Collected data
(* Let $\mu^\pm$ be probability measures on $\mathbb{R}^d$ with compact supports $X^\pm$, and let $c\in\mathscr{C}(X^-\times X^+)$. Then for every $\varepsilon>0$, \[v_\varepsilon'=\mathrm{Ent}(\gamma_\varepsilon\,|\,\mu^-\otimes\mu^+).\] Moreover, if there exists $\gamma_0\in\mathsf{Opt}(\mu^-,\mu^+)$ with $\mathrm{Ent}(\gamma_0\,|\,\mu^-\otimes\mu^+)<+\infty$, then $\varepsilon\mapsto v_\varepsilon$ belongs to $\mathscr{C}^1([0,+\infty))$, its right derivative at $\varepsilon=0$ is \[v'_\varepsilon|_{\varepsilon=0}=\inf_{\gamma\in\mathsf{Opt}(\mu^-,\mu^+)}\mathrm{Ent}(\gamma\,|\,\mu^-\otimes\mu^+),\] i.e. $v_\varepsilon-v_0=\varepsilon\inf_{\gamma\in\mathsf{Opt}(\mu^-,\mu^+)}\mathrm{Ent}(\gamma\,|\,\mu^-\otimes\mu^+)+o(\varepsilon)$ as $\varepsilon\downarrow 0$, and $\gamma_\varepsilon$ converges narrowly as $\varepsilon\downarrow0$ to the unique coupling $\gamma^\ast\in\mathsf{Opt}(\mu^-,\mu^+)$ of minimal entropy, $\gamma^\ast=\operatorname{argmin}_{\gamma\in\mathsf{Opt}(\mu^-,\mu^+)}\mathrm{Ent}(\gamma\,|\,\mu^-\otimes\mu^+)$.
   Context: Let $\Pi(\mu^-,\mu^+)$ be the set of probability measures on $X^-\times X^+$ with marginals $\mu^-$ and $\mu^+$. For probability measures $p,q$, $\mathrm{Ent}(p\,|\,q)=\int \rho\log\rho\,\mathrm{d}q$ if $p=\rho q$, and $+\infty$ otherwise. For $\varepsilon>0$, $v_\varepsilon \coloneqq \inf_{\gamma\in\Pi(\mu^-,\mu^+)}\{\int c\,\mathrm{d}\gamma + \varepsilon\,\mathrm{Ent}(\gamma\,|\,\mu^-\otimes\mu^+)\}$, whose (unique) minimizer is denoted $\gamma_\varepsilon$; $v_0\coloneqq \inf_{\gamma\in\Pi(\mu^-,\mu^+)}\int c\,\mathrm{d}\gamma$, and $\mathsf{Opt}(\mu^-,\mu^+)$ denotes the set of minimizers of this last problem. *)

theory Defs
  imports "HOL-Probability.Probability"
begin
text \<open>Coefficients of X^i b = \<Sum>_k xb_coeff i b k X^k, computed from X r = \<sigma>(r) X + \<delta>(r).\<close>
primrec xb_coeff :: "('a::ring_1 \<Rightarrow> 'a) \<Rightarrow> ('a \<Rightarrow> 'a) \<Rightarrow> nat \<Rightarrow> 'a \<Rightarrow> nat \<Rightarrow> 'a" where
  "xb_coeff \<sigma> \<delta> 0 b k = (if k = 0 then b else 0)"
| "xb_coeff \<sigma> \<delta> (Suc i) b k =
     (if k = 0 then 0 else \<sigma> (xb_coeff \<sigma> \<delta> i b (k - 1))) + \<delta> (xb_coeff \<sigma> \<delta> i b k)"

text \<open>Skew power series are coefficient sequences nat \<Rightarrow> 'a. Product in R[[X;\<sigma>,\<delta>]]:
  (\<Sum> g_i X^i)(\<Sum> f_j X^j) = \<Sum>_i \<Sum>_j g_i (X^i f_j) X^j, the i-sum taken m-adically.\<close>
definition skew_mult :: "('a::ring_1 \<Rightarrow> 'a) \<Rightarrow> ('a \<Rightarrow> 'a) \<Rightarrow> (nat \<Rightarrow> 'a) \<Rightarrow> (nat \<Rightarrow> 'a) \<Rightarrow> nat \<Rightarrow> 'a" where
  "skew_mult \<sigma> \<delta> g f n = msum (\<lambda>i. \<Sum>j\<le>n. g i * xb_coeff \<sigma> \<delta> i (f j) (n - j))"

definition ord_red :: "(nat \<Rightarrow> 'a::ring_1) \<Rightarrow> nat" where
  "ord_red f = (LEAST i. two_sided_unit (f i))"

end

theory Submission
  imports Defs
begin

text \<open>Let \<open>s = ord_red f\<close> and filter by the \<open>m\<close>-adic order of the coefficients. If all
  \<open>g\<^sub>i\<close> lie in \<open>m\<^sup>v\<close>, then modulo \<open>m\<^sup>v\<^sup>+\<^sup>1\<close> the coefficient of \<open>X\<^sup>k\<^sup>+\<^sup>s\<close> in \<open>g f\<close> is
  \<open>\<Sum>i\<le>k. g\<^sub>i \<sigma>\<^sup>i(f\<^sub>k\<^sub>+\<^sub>s\<^sub>-\<^sub>i)\<close>, because \<open>\<delta>\<close> raises the order and \<open>f\<^sub>j \<in> m\<close> for \<open>j < s\<close>.
  This is a lower triangular system in \<open>g\<^sub>0, \<dots>, g\<^sub>k\<close> whose diagonal entries \<open>\<sigma>\<^sup>k(f\<^sub>s)\<close> are
  units, so on each graded piece \<open>g \<mapsto>\<close> (coefficients of \<open>g f\<close> in degrees \<open>\<ge> s\<close>) is
  bijective. Completeness upgrades graded surjectivity to surjectivity by successive
  approximation, separatedness upgrades graded injectivity to injectivity, and the
  coefficients of degree \<open>< s\<close> are absorbed by the summand \<open>\<Sum>i<s. R X\<^sup>i\<close>.\<close>

lemma ideal_mult_uminus:
  assumes "\<And>x. x \<in> I \<Longrightarrow> - x \<in> I" and "z \<in> ideal_mult I J"
  shows "- z \<in> ideal_mult I J"
  using assms(2)
proof (induction rule: ideal_mult.induct)
  case zero
  then show ?case by (simp add: ideal_mult.zero)
next
  case (prod x y)
  then show ?case using ideal_mult.prod[OF assms(1) prod(2)] by simp
next
  case (add a b)
  then show ?case using ideal_mult.add[of "- b" I J "- a"] by (simp add: add.commute)
qed

lemma ideal_mult_mult_left:
  assumes "\<And>x r. x \<in> I \<Longrightarrow> r * x \<in> I" and "z \<in> ideal_mult I J"
  shows "r * z \<in> ideal_mult I J"
  using assms(2)
proof (induction rule: ideal_mult.induct)
  case zero
  then show ?case by (simp add: ideal_mult.zero)
next
  case (prod x y)
  then show ?case using ideal_mult.prod[OF assms(1) prod(2)] by (simp add: mult.assoc)
next
  case (add a b)
  then show ?case using ideal_mult.add by (simp add: distrib_left)
qed

fun tri_solve :: "(nat \<Rightarrow> 'a::ring_1) \<Rightarrow> (nat \<Rightarrow> nat \<Rightarrow> 'a) \<Rightarrow> (nat \<Rightarrow> 'a) \<Rightarrow> nat \<Rightarrow> 'a" where
  "tri_solve E C D k = (E k - (\<Sum>i<k. tri_solve E C D i * C i k)) * D k"

declare tri_solve.simps [simp del]

lemma tri_solve_eq:
  assumes "\<And>i. D i * C i i = 1"
  shows "(\<Sum>i\<le>k. tri_solve E C D i * C i k) = E k"
proof -
  have "tri_solve E C D k * C k k = E k - (\<Sum>i<k. tri_solve E C D i * C i k)"
    by (subst tri_solve.simps) (simp add: mult.assoc assms)
  then show ?thesis by (simp add: lessThan_Suc_atMost[symmetric])
qed

declare mpow.simps(2) [simp del]

locale madic_local_ring =
  assumes local_ring: "local_ring TYPE('a::ring_1)"
begin

lemma maxideal_add: "x \<in> maxideal \<Longrightarrow> y \<in> maxideal \<Longrightarrow> x + y \<in> (maxideal :: 'a set)"
  using local_ring unfolding local_ring_def by blast

lemma maxideal_mult_left: "x \<in> maxideal \<Longrightarrow> r * x \<in> (maxideal :: 'a set)"
  using local_ring unfolding local_ring_def by blast

lemma maxideal_mult_right: "x \<in> maxideal \<Longrightarrow> x * r \<in> (maxideal :: 'a set)"
  using local_ring unfolding local_ring_def by blast

lemma zero_in_maxideal: "(0::'a) \<in> maxideal"
  using local_ring unfolding local_ring_def maxideal_def two_sided_unit_def by auto

lemma uminus_in_maxideal: "x \<in> maxideal \<Longrightarrow> - x \<in> (maxideal :: 'a set)"
  using maxideal_mult_left[of x "- 1"] by simp

lemma mpow_zero [simp]: "(0::'a) \<in> mpow n"
  by (cases n) (simp_all add: ideal_mult.zero mpow.simps(2))

lemma mpow_add: "x \<in> mpow n \<Longrightarrow> y \<in> mpow n \<Longrightarrow> x + y \<in> (mpow n :: 'a set)"
  by (cases n) (simp_all add: ideal_mult.add mpow.simps(2))

lemma mpow_uminus: "x \<in> mpow n \<Longrightarrow> - x \<in> (mpow n :: 'a set)"
  by (cases n) (simp_all add: ideal_mult_uminus uminus_in_maxideal mpow.simps(2))

lemma mpow_diff: "x \<in> mpow n \<Longrightarrow> y \<in> mpow n \<Longrightarrow> x - y \<in> (mpow n :: 'a set)"
  using mpow_add[of x n "- y"] mpow_uminus[of y n] by simp

lemma mpow_sum: "(\<And>i. i \<in> A \<Longrightarrow> t i \<in> mpow n) \<Longrightarrow> sum t A \<in> (mpow n :: 'a set)"
  by (induction A rule: infinite_finite_induct) (simp_all add: mpow_add)

lemma mpow_mult_left: "x \<in> mpow n \<Longrightarrow> r * x \<in> (mpow n :: 'a set)"
  by (cases n) (simp_all add: ideal_mult_mult_left maxideal_mult_left mpow.simps(2))

lemma mpow_mult: "x \<in> mpow a \<Longrightarrow> y \<in> mpow b \<Longrightarrow> x * y \<in> (mpow (a + b) :: 'a set)"
proof (induction a arbitrary: x)
  case 0
  then show ?case by (simp add: mpow_mult_left)
next
  case (Suc a)
  from Suc.prems(1) have "x \<in> ideal_mult maxideal (mpow a)" by (simp add: mpow.simps(2))
  then show ?case
  proof (induction rule: ideal_mult.induct)
    case zero
    then show ?case by (simp add: ideal_mult.zero)
  next
    case (prod p q)
    then show ?case
      using ideal_mult.prod[OF prod(1) Suc.IH[OF prod(2) Suc.prems(2)]]
      by (simp add: mult.assoc mpow.simps(2))
  next
    case (add u w)
    then show ?case by (simp add: distrib_right ideal_mult.add mpow.simps(2))
  qed
qed

lemma mpow_mult_right: "x \<in> mpow n \<Longrightarrow> x * r \<in> (mpow n :: 'a set)"
  using mpow_mult[of x n r 0] by simp

lemma mpow_Suc_subset: "mpow (Suc n) \<subseteq> (mpow n :: 'a set)"
proof
  fix z :: 'a
  assume "z \<in> mpow (Suc n)"
  then have "z \<in> ideal_mult maxideal (mpow n)" by (simp add: mpow.simps(2))
  then show "z \<in> mpow n"
    by (induction rule: ideal_mult.induct) (simp_all add: mpow_mult_left mpow_add)
qed

lemma mpow_antimono: "a \<le> b \<Longrightarrow> mpow b \<subseteq> (mpow a :: 'a set)"
  by (induction b rule: dec_induct) (use mpow_Suc_subset in blast)+

lemma mpow_1: "mpow 1 = (maxideal :: 'a set)"
proof
  show "mpow 1 \<subseteq> (maxideal :: 'a set)"
  proof
    fix z :: 'a
    assume "z \<in> mpow 1"
    then have "z \<in> ideal_mult maxideal UNIV" by (simp add: mpow.simps(2))
    then show "z \<in> maxideal"
      by (induction rule: ideal_mult.induct)
        (simp_all add: zero_in_maxideal maxideal_mult_right maxideal_add)
  qed
  show "maxideal \<subseteq> (mpow 1 :: 'a set)"
    using ideal_mult.prod[of _ maxideal 1 UNIV] by (auto simp: mpow.simps(2))
qed

lemma sum_lessThan_diff_mpow:
  fixes p q :: nat
  assumes "q \<le> p" and "\<And>i. q \<le> i \<Longrightarrow> t i \<in> mpow n"
  shows "(\<Sum>i<p. t i) - (\<Sum>i<q. t i) \<in> (mpow n :: 'a set)"
proof -
  have "(\<Sum>i<p. t i) = (\<Sum>i\<in>{..<p} - {..<q}. t i) + (\<Sum>i<q. t i)"
    using assms(1) by (intro sum.subset_diff) auto
  then show ?thesis using assms(2) by (auto intro: mpow_sum)
qed
lemma inv_coeff_diagonal_recurrence: "recurrence_op (\<lambda>n. inv_coeff 27 n n n n) n = 0"
proof -
  have "81 * (of_nat n + 1) ^ 3 * sum (diag_term n) {..<n + 3}
      + (2 * of_nat n + 3) * (7 * of_nat n ^ 2 + 21 * of_nat n + 17) * sum (diag_term (n + 1)) {..<n + 3}
      + (of_nat n + 2) ^ 3 * sum (diag_term (n + 2)) {..<n + 3}
      = diag_certificate n (n + 3) - diag_certificate n 0"
    by (rule creative_telescoping) (rule diag_term_telescoping [unfolded recurrence_op_def])
  then show ?thesis
    by (simp add: recurrence_op_def inv_coeff_diagonal_eq_sum [of _ "n + 3"] diag_certificate_def
        diag_term_def)
qed

theorem mainTheorem9:
  fixes n :: nat
  shows "coeff4 (fps4_inv (1 - (X1 + X2 + X3 + X4) + 27 * X1 * X2 * X3 * X4)) n n n n = Zseq n"
proof -
  have "(27 :: fps4) = const4 27"
    by (simp add: numeral_fps_const)
  then have "coeff4 (fps4_inv (1 - (X1 + X2 + X3 + X4) + 27 * X1 * X2 * X3 * X4)) n n n n
      = inv_coeff 27 n n n n"
    by (simp only: coeff4_fps4_inv)
  also have "\<dots> = Zseq n"
  proof (rule three_term_recurrence_unique [where a = "\<lambda>n. 81 * (of_nat n + 1) ^ 3"
        and b = "\<lambda>n. (2 * of_nat n + 3) * (7 * of_nat n ^ 2 + 21 * of_nat n + 17)"
        and c = "\<lambda>n. (of_nat n + 2) ^ 3"])
    show "inv_coeff 27 0 0 0 0 = Zseq 0" "inv_coeff 27 1 1 1 1 = Zseq 1"
      by (simp_all add: inv_coeff_def inv_summand_def multinomial5_def Zseq_def fact_numeral)
  qed (use inv_coeff_diagonal_recurrence Zseq_recurrence
       in \<open>simp_all add: recurrence_op_def add_nonneg_pos\<close>)
  finally show ?thesis .
qed

end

## TASK DIRECTIONS
The answer must be a verbatim transcription of the entries above, from the first line through the line that contains "text \<open>Coefficients of", and nothing more.

## SOLUTION
(* Let $\mu^\pm$ be probability measures on $\mathbb{R}^d$ with compact supports $X^\pm$, and let $c\in\mathscr{C}(X^-\times X^+)$. Then for every $\varepsilon>0$, \[v_\varepsilon'=\mathrm{Ent}(\gamma_\varepsilon\,|\,\mu^-\otimes\mu^+).\] Moreover, if there exists $\gamma_0\in\mathsf{Opt}(\mu^-,\mu^+)$ with $\mathrm{Ent}(\gamma_0\,|\,\mu^-\otimes\mu^+)<+\infty$, then $\varepsilon\mapsto v_\varepsilon$ belongs to $\mathscr{C}^1([0,+\infty))$, its right derivative at $\varepsilon=0$ is \[v'_\varepsilon|_{\varepsilon=0}=\inf_{\gamma\in\mathsf{Opt}(\mu^-,\mu^+)}\mathrm{Ent}(\gamma\,|\,\mu^-\otimes\mu^+),\] i.e. $v_\varepsilon-v_0=\varepsilon\inf_{\gamma\in\mathsf{Opt}(\mu^-,\mu^+)}\mathrm{Ent}(\gamma\,|\,\mu^-\otimes\mu^+)+o(\varepsilon)$ as $\varepsilon\downarrow 0$, and $\gamma_\varepsilon$ converges narrowly as $\varepsilon\downarrow0$ to the unique coupling $\gamma^\ast\in\mathsf{Opt}(\mu^-,\mu^+)$ of minimal entropy, $\gamma^\ast=\operatorname{argmin}_{\gamma\in\mathsf{Opt}(\mu^-,\mu^+)}\mathrm{Ent}(\gamma\,|\,\mu^-\otimes\mu^+)$.
   Context: Let $\Pi(\mu^-,\mu^+)$ be the set of probability measures on $X^-\times X^+$ with marginals $\mu^-$ and $\mu^+$. For probability measures $p,q$, $\mathrm{Ent}(p\,|\,q)=\int \rho\log\rho\,\mathrm{d}q$ if $p=\rho q$, and $+\infty$ otherwise. For $\varepsilon>0$, $v_\varepsilon \coloneqq \inf_{\gamma\in\Pi(\mu^-,\mu^+)}\{\int c\,\mathrm{d}\gamma + \varepsilon\,\mathrm{Ent}(\gamma\,|\,\mu^-\otimes\mu^+)\}$, whose (unique) minimizer is denoted $\gamma_\varepsilon$; $v_0\coloneqq \inf_{\gamma\in\Pi(\mu^-,\mu^+)}\int c\,\mathrm{d}\gamma$, and $\mathsf{Opt}(\mu^-,\mu^+)$ denotes the set of minimizers of this last problem. *)

theory Defs
  imports "HOL-Probability.Probability"
begin
text \<open>Coefficients of X^i b = \<Sum>_k xb_coeff i b k X^k, computed from X r = \<sigma>(r) X + \<delta>(r).\<close>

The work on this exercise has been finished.